Конечно, я и сам понимал, что в последней книжке мой герой получился менее убедительным. Есть чёткая, придуманная мной матрица, вот туда он и должен укладываться, как дитя малое в свою кроватку. Рассуждения о жизни и уж тем более о жизни современной России, рефлексии и внутренние монологи нам с ним противопоказаны. Волковицкий – человек дела, вернее, действия. Обвинения в том, что таких волковицких нынче можно найти под каждой глянцевой обложкой, считаю несправедливыми. У него есть своё лицо, своеобразное обаяние. Я бы сказал, что это обаяние интеллекта. И после того, как Волковицкий набрал силу, некоторые стали угадывать в нём меня. Что делает ему честь.
Когда-то давно мы говорили с Лилией о том, что есть для неё творчество, и потом, помнится, настал мой черёд. Ёрническая фраза «Творчество – это продукт жизнедеятельности человека» родилась у меня случайно и ей не понравилась. Хотя потом она мне признавалась, что я прав. А я переживал оттого, что нечто похожее вскоре обнаружил у своего любимого Бродского. Вернее, испытывал двойственное чувство. Приятно было осознавать, что я тоже могу, но, с другой стороны, куда ни кинь, все велосипеды уже изобретены и разобраны. «Всё уже сказано до нас»… А я и не говорю.
Тогда я был искренен и говорил Лилии правду, но, как обычно, не всю. Не вся правда – это полуправда, полуправда – это ложь. Неужели я всё время вру и даже не замечаю этого?

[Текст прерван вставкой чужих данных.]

lemma lhv_sum_return:
  assumes \<omega>: "\<omega> \<in> space (joint_space M N S)"
  defines "P \<equiv> \<lambda>sv. distr (return (joint_space M N S) \<omega>) (meas_space M N sv) (select N sv)"
  shows "lhv_model M N S P" and "lhv_sum N S P \<Psi> = det_sum N S \<Psi> \<omega>"
proof -
  show "lhv_model M N S P"
    unfolding lhv_model_def P_def
    by (rule exI[of _ "return (joint_space M N S) \<omega>"]) (use \<omega> in \<open>auto intro: prob_space_return\<close>)
  have "(\<integral>x. \<Psi> sv x \<partial>P sv) = \<Psi> sv (select N sv \<omega>)" if sv: "sv \<in> settings N S" for sv
  proof -
    have "select N sv \<in> measurable (return (joint_space M N S) \<omega>) (meas_space M N sv)"
      using measurable_select[OF sv] by (simp add: measurable_cong_sets[OF sets_return refl])
    from integral_distr[OF this \<Psi>_meas[rule_format, OF sv]]
    show ?thesis
      unfolding P_def using integral_return[OF \<omega> measurable_\<Psi>_select[OF sv]] by simp
  qed
  then show "lhv_sum N S P \<Psi> = det_sum N S \<Psi> \<omega>"
    unfolding lhv_sum_def det_sum_def by simp
qed

context
  fixes B :: "(nat \<Rightarrow> nat) \<Rightarrow> real"
  assumes \<Psi>_bound: "\<forall>sv\<in>settings N S. \<forall>x\<in>space (meas_space M N sv). \<bar>\<Psi> sv x\<bar> \<le> B sv"
begin

lemma det_sum_bound:
  assumes "\<omega> \<in> space (joint_space M N S)"
  shows "\<bar>det_sum N S \<Psi> \<omega>\<bar> \<le> (\<Sum>sv\<in>settings N S. B sv)"
proof -
  have "select N sv \<omega> \<in> space (meas_space M N sv)" if "sv \<in> settings N S" for sv
    using measurable_space[OF measurable_select[OF that] assms] .
  then show ?thesis
    unfolding det_sum_def by (intro order_trans[OF sum_abs sum_mono]) (use \<Psi>_bound in auto)
qed

lemma lhv_sum_eq_integral_det_sum:
  assumes \<mu>: "prob_space \<mu>" "sets \<mu> = sets (joint_space M N S)"
    and P: "\<forall>sv\<in>settings N S. P sv = distr \<mu> (meas_space M N sv) (select N sv)"
  shows "lhv_sum N S P \<Psi> = (\<integral>\<omega>. det_sum N S \<Psi> \<omega> \<partial>\<mu>)"
proof -
  interpret prob_space \<mu> by fact
  note \<mu>_meas = measurable_cong_sets[OF \<mu>(2) refl]
  have space_\<mu>: "space \<mu> = space (joint_space M N S)" using \<mu>(2) by (rule sets_eq_imp_space_eq)
  have int: "integrable \<mu> (\<lambda>\<omega>. \<Psi> sv (select N sv \<omega>))" if sv: "sv \<in> settings N S" for sv
  proof (rule integrable_const_bound[where B="B sv"])
    show "AE \<omega> in \<mu>. norm (\<Psi> sv (select N sv \<omega>)) \<le> B sv"
      by (intro AE_I2) (use \<Psi>_bound measurable_space[OF measurable_select[OF sv]] sv space_\<mu> in auto)
  qed (use measurable_\<Psi>_select[OF sv] in \<open>simp add: \<mu>_meas\<close>)
  have "(\<integral>x. \<Psi> sv x \<partial>P sv) = (\<integral>\<omega>. \<Psi> sv (select N sv \<omega>) \<partial>\<mu>)" if sv: "sv \<in> settings N S" for sv
  proof -
    have "select N sv \<in> \<mu> \<rightarrow>\<^sub>M meas_space M N sv"
      using measurable_select[OF sv] by (simp add: \<mu>_meas)
    from integral_distr[OF this \<Psi>_meas[rule_format, OF sv]] show ?thesis using P sv by simp
  qed
  then have "lhv_sum N S P \<Psi> = (\<Sum>sv\<in>settings N S. \<integral>\<omega>. \<Psi> sv (select N sv \<omega>) \<partial>\<mu>)"
    unfolding lhv_sum_def by simp
  also have "\<dots> = (\<integral>\<omega>. det_sum N S \<Psi> \<omega> \<partial>\<mu>)"
    unfolding det_sum_def using int by (simp add: Bochner_Integration.integral_sum)
  finally show ?thesis .
qed

lemma lhv_sum_between_Inf_Sup:
  assumes "lhv_model M N S P"
  shows "Inf (det_sum N S \<Psi> ` space (joint_space M N S)) \<le> lhv_sum N S P \<Psi> \<and>
         lhv_sum N S P \<Psi> \<le> Sup (det_sum N S \<Psi> ` space (joint_space M N S))"
proof -
  obtain \<mu> where \<mu>: "prob_space \<mu>" "sets \<mu> = sets (joint_space M N S)"
    and P: "\<forall>sv\<in>settings N S. P sv = distr \<mu> (meas_space M N sv) (select N sv)"
    using assms unfolding lhv_model_def by blast
  have space_\<mu>: "space \<mu> = space (joint_space M N S)" using \<mu>(2) by (rule sets_eq_imp_space_eq)
  have "det_sum N S \<Psi> \<in> borel_measurable \<mu>"
    using det_sum_measurable by (simp add: measurable_cong_sets[OF \<mu>(2) refl])
  from prob_space.integral_between_Inf_Sup[OF \<mu>(1) this] det_sum_bound
  show ?thesis
    unfolding lhv_sum_eq_integral_det_sum[OF \<mu> P] space_\<mu> by blast
qed

lemma lhv_sum_tight_bounds:
  "(\<forall>P. lhv_model M N S P \<longrightarrow>
      Inf (det_sum N S \<Psi> ` space (joint_space M N S)) \<le> lhv_sum N S P \<Psi> \<and>
      lhv_sum N S P \<Psi> \<le> Sup (det_sum N S \<Psi> ` space (joint_space M N S)))
   \<and> Inf {lhv_sum N S P \<Psi> | P. lhv_model M N S P} = Inf (det_sum N S \<Psi> ` space (joint_space M N S))
   \<and> Sup {lhv_sum N S P \<Psi> | P. lhv_model M N S P} = Sup (det_sum N S \<Psi> ` space (joint_space M N S))"
proof -
  let ?D = "det_sum N S \<Psi> ` space (joint_space M N S)"
  let ?X = "{lhv_sum N S P \<Psi> | P. lhv_model M N S P}"
  have "?D \<subseteq> ?X"
  proof
    fix y assume "y \<in> ?D"
    then obtain \<omega> where \<omega>: "\<omega> \<in> space (joint_space M N S)" and y: "y = det_sum N S \<Psi> \<omega>"
      by blast
    show "y \<in> ?X" using lhv_sum_return[OF \<omega>] unfolding y by (intro CollectI exI conjI) (rule sym)
  qed
  moreover have "bdd_above ?D" "bdd_below ?D"
    using det_sum_bound
    by (auto intro!: bdd_aboveI2[where M="\<Sum>sv\<in>settings N S. B sv"]
        bdd_belowI2[where m="- (\<Sum>sv\<in>settings N S. B sv)"] simp: abs_le_iff minus_le_iff)
  moreover have "?D = {} \<Longrightarrow> ?X = {}" using lhv_model_joint_space_nonempty by blast
  ultimately have "Inf ?X = Inf ?D \<and> Sup ?X = Sup ?D"
    using cInf_cSup_eq_of_between[of ?D ?X] lhv_sum_between_Inf_Sup by blast
  then show ?thesis using lhv_sum_between_Inf_Sup by blast
qed

end

end

definition corr_integrand ::
  "nat \<Rightarrow> (nat \<Rightarrow> nat \<Rightarrow> 'a \<Rightarrow> real) \<Rightarrow> ((nat \<Rightarrow> nat) \<Rightarrow> real) \<Rightarrow> (nat \<Rightarrow> nat) \<Rightarrow> (nat \<Rightarrow> 'a) \<Rightarrow> real"
  where "corr_integrand N \<phi> \<gamma> sv x = \<gamma> sv * (\<Prod>n<N. \<phi> n (sv n) (x n))"

lemma corr_sum_eq_lhv_sum: "corr_sum N S P \<phi> \<gamma> = lhv_sum N S P (corr_integrand N \<phi> \<gamma>)"
  unfolding corr_sum_def lhv_sum_def corr_integrand_def by simp

lemma corr_integrand_measurable:
  assumes \<phi>_meas: "\<forall>n<N. \<forall>s<S n. \<phi> n s \<in> borel_measurable (M n s)"
    and sv: "sv \<in> settings N S"
  shows "corr_integrand N \<phi> \<gamma> sv \<in> borel_measurable (meas_space M N sv)"
proof -
  have "(\<lambda>x. \<phi> n (sv n) (x n)) \<in> borel_measurable (meas_space M N sv)" if n: "n \<in> {..<N}" for n
  proof -
    have "(\<lambda>x. x n) \<in> measurable (meas_space M N sv) (M n (sv n))"
      unfolding meas_space_def using measurable_component_singleton[OF n] .
    from measurable_comp[OF this \<phi>_meas[rule_format, OF _ settings_component_less[OF sv]]] n
    show ?thesis by (simp add: o_def)
  qed
  then show ?thesis unfolding corr_integrand_def by auto
qed

lemma corr_integrand_bound:
  assumes C: "\<forall>n<N. \<forall>s<S n. \<forall>y\<in>space (M n s). \<bar>\<phi> n s y\<bar> \<le> C n s"
    and sv: "sv \<in> settings N S" and x: "x \<in> space (meas_space M N sv)"
  shows "\<bar>corr_integrand N \<phi> \<gamma> sv x\<bar> \<le> \<bar>\<gamma> sv\<bar> * (\<Prod>n<N. C n (sv n))"
proof -
  have "x n \<in> space (M n (sv n))" if "n < N" for n
    using x that unfolding meas_space_def space_PiM by auto
  then have "\<bar>\<Prod>n<N. \<phi> n (sv n) (x n)\<bar> \<le> (\<Prod>n<N. C n (sv n))"
    unfolding abs_prod by (intro prod_mono) (use C settings_component_less[OF sv] in auto)
  then show ?thesis unfolding corr_integrand_def abs_mult by (simp add: mult_left_mono)
qed

lemma det_sum_corr_integrand:
  assumes "\<forall>n<N. \<forall>s<S n. \<xi> n s = \<phi> n s (\<omega> (n, s))"
  shows "det_sum N S (corr_integrand N \<phi> \<gamma>) \<omega> = F_form N S \<gamma> \<xi>"
  unfolding det_sum_def F_form_def corr_integrand_def select_def
  by (intro sum.cong refl arg_cong2[where f="(*)"] prod.cong) (use assms settings_component_less in auto)

lemma F_form_image_Phi:
  "F_form N S \<gamma> ` PiE {..<N} (Phi M S \<phi>) = det_sum N S (corr_integrand N \<phi> \<gamma>) ` space (joint_space M N S)"
proof (intro equalityI subsetI)
  fix y assume "y \<in> F_form N S \<gamma> ` PiE {..<N} (Phi M S \<phi>)"
  then obtain \<xi> where \<xi>: "\<xi> \<in> PiE {..<N} (Phi M S \<phi>)" and y: "y = F_form N S \<gamma> \<xi>" by auto
  have "\<forall>n\<in>{..<N}. \<exists>l. l \<in> space (PiM {..<S n} (M n)) \<and> \<xi> n = (\<lambda>s\<in>{..<S n}. \<phi> n s (l s))"
    using \<xi> unfolding Phi_def by (auto simp: PiE_def Pi_def)
  then obtain L where L: "\<forall>n\<in>{..<N}. L n \<in> space (PiM {..<S n} (M n)) \<and> \<xi> n = (\<lambda>s\<in>{..<S n}. \<phi> n s (L n s))"
    by metis
  define \<omega> where "\<omega> = (\<lambda>(n, s). if (n, s) \<in> idx N S then L n s else undefined)"
  have "\<omega> \<in> space (joint_space M N S)"
    using L unfolding joint_space_def space_PiM \<omega>_def
    by (auto simp: idx_def PiE_def Pi_def extensional_def)
  moreover have "y = det_sum N S (corr_integrand N \<phi> \<gamma>) \<omega>"
    unfolding y by (rule det_sum_corr_integrand[symmetric]) (use L in \<open>auto simp: \<omega>_def idx_def\<close>)
  ultimately show "y \<in> det_sum N S (corr_integrand N \<phi> \<gamma>) ` space (joint_space M N S)" by blast
next
  fix y assume "y \<in> det_sum N S (corr_integrand N \<phi> \<gamma>) ` space (joint_space M N S)"
  then obtain \<omega> where \<omega>: "\<omega> \<in> space (joint_space M N S)"
    and y: "y = det_sum N S (corr_integrand N \<phi> \<gamma>) \<omega>" by auto
  define \<xi> where "\<xi> = (\<lambda>n\<in>{..<N}. \<lambda>s\<in>{..<S n}. \<phi> n s (\<omega> (n, s)))"
  have "\<xi> n \<in> Phi M S \<phi> n" if n: "n < N" for n
  proof -
    have "(\<lambda>s\<in>{..<S n}. \<omega> (n, s)) \<in> space (PiM {..<S n} (M n))"
      using \<omega> n unfolding joint_space_def space_PiM by (auto simp: idx_def PiE_def Pi_def)
    then show ?thesis unfolding Phi_def \<xi>_def using n by (auto intro!: image_eqI[where x="\<lambda>s\<in>{..<S n}. \<omega> (n, s)"])
  qed
  then have "\<xi> \<in> PiE {..<N} (Phi M S \<phi>)" unfolding \<xi>_def by auto
  moreover have "y = F_form N S \<gamma> \<xi>"
    unfolding y by (rule det_sum_corr_integrand) (auto simp: \<xi>_def)
  ultimately show "y \<in> F_form N S \<gamma> ` PiE {..<N} (Phi M S \<phi>)" by blast
qed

Находить верные смыслы безотносительно своей собственной персоны значительно проще. Вот ту сторону правды я обычно озвучиваю, что касается остального – моего личного и сокровенного – оставляю при себе.
Вторую часть моего ответа на этот вопрос Лилия так и не узнала.
Для меня то, что я делаю, – это ещё попытка уйти от себя, от того, что я в себе не люблю, от кошмара моего детства, где я всегда один и почти всегда проигрываю.
И то, чем я зарабатываю на хлеб и прочие продукты первой необходимости, это реваншизм чистой воды. Я пытаюсь взять реванш в своих фантазиях и потом конвертировать успех моего героя в свой собственный. Это, наверное, одна из самых больших проблем моей жизни. Я подпитываюсь чужими победами, и неважно, что этого человека выдумал я сам. Есть здесь какая-то шизофрения, это точно. Умненькие девочки из издательства это быстро поняли и с удовольствием начали мне подыгрывать.
Самой умненькой оказалась Ирина Даниловна, директор по маркетингу издательства, где приличными тиражами издаются мои книги. На момент нашего знакомства она была обаятельна, я – чертовски обаятелен. Скоро до нас дошло, что эта знаменитая формула – не аксиома, а теорема, которая требует доказательств в лабораторных условиях. Опыты прошли успешно, жертв и разрушений не было.
По утрам Ирина Даниловна, в моей рубашке, ещё не облачённая в гремящие сталью доспехи маркетинговых стратегий, была по-домашнему мила, и иногда мне даже удавалось забыть, что судьба моих жалких книжонок зависит прежде всего от неё.
Она любила меня кормить, и это был хороший знак. Приём пищи – достаточно интимный процесс, и тот, кому нравится наблюдать его в непосредственной близости от предмета своей страсти или же просто вожделения, что называется, попал. Теперь я знаю это по собственному опыту. Ирочка радовала меня лёгкими и красивыми завтраками, как из рукава вынимая яблочные розочки со взбитыми сливками, сырники с грецкими орехами и кофе с домашним песочным печеньем. Как же это было вкусно!
Моя модная кухня, по-солдатски вычищенная, но пропитанная запахами сосисок, пельменей и чего-там-полегче-сварганить, наполнилась ароматами ванили, корицы и «Женщины готовящей».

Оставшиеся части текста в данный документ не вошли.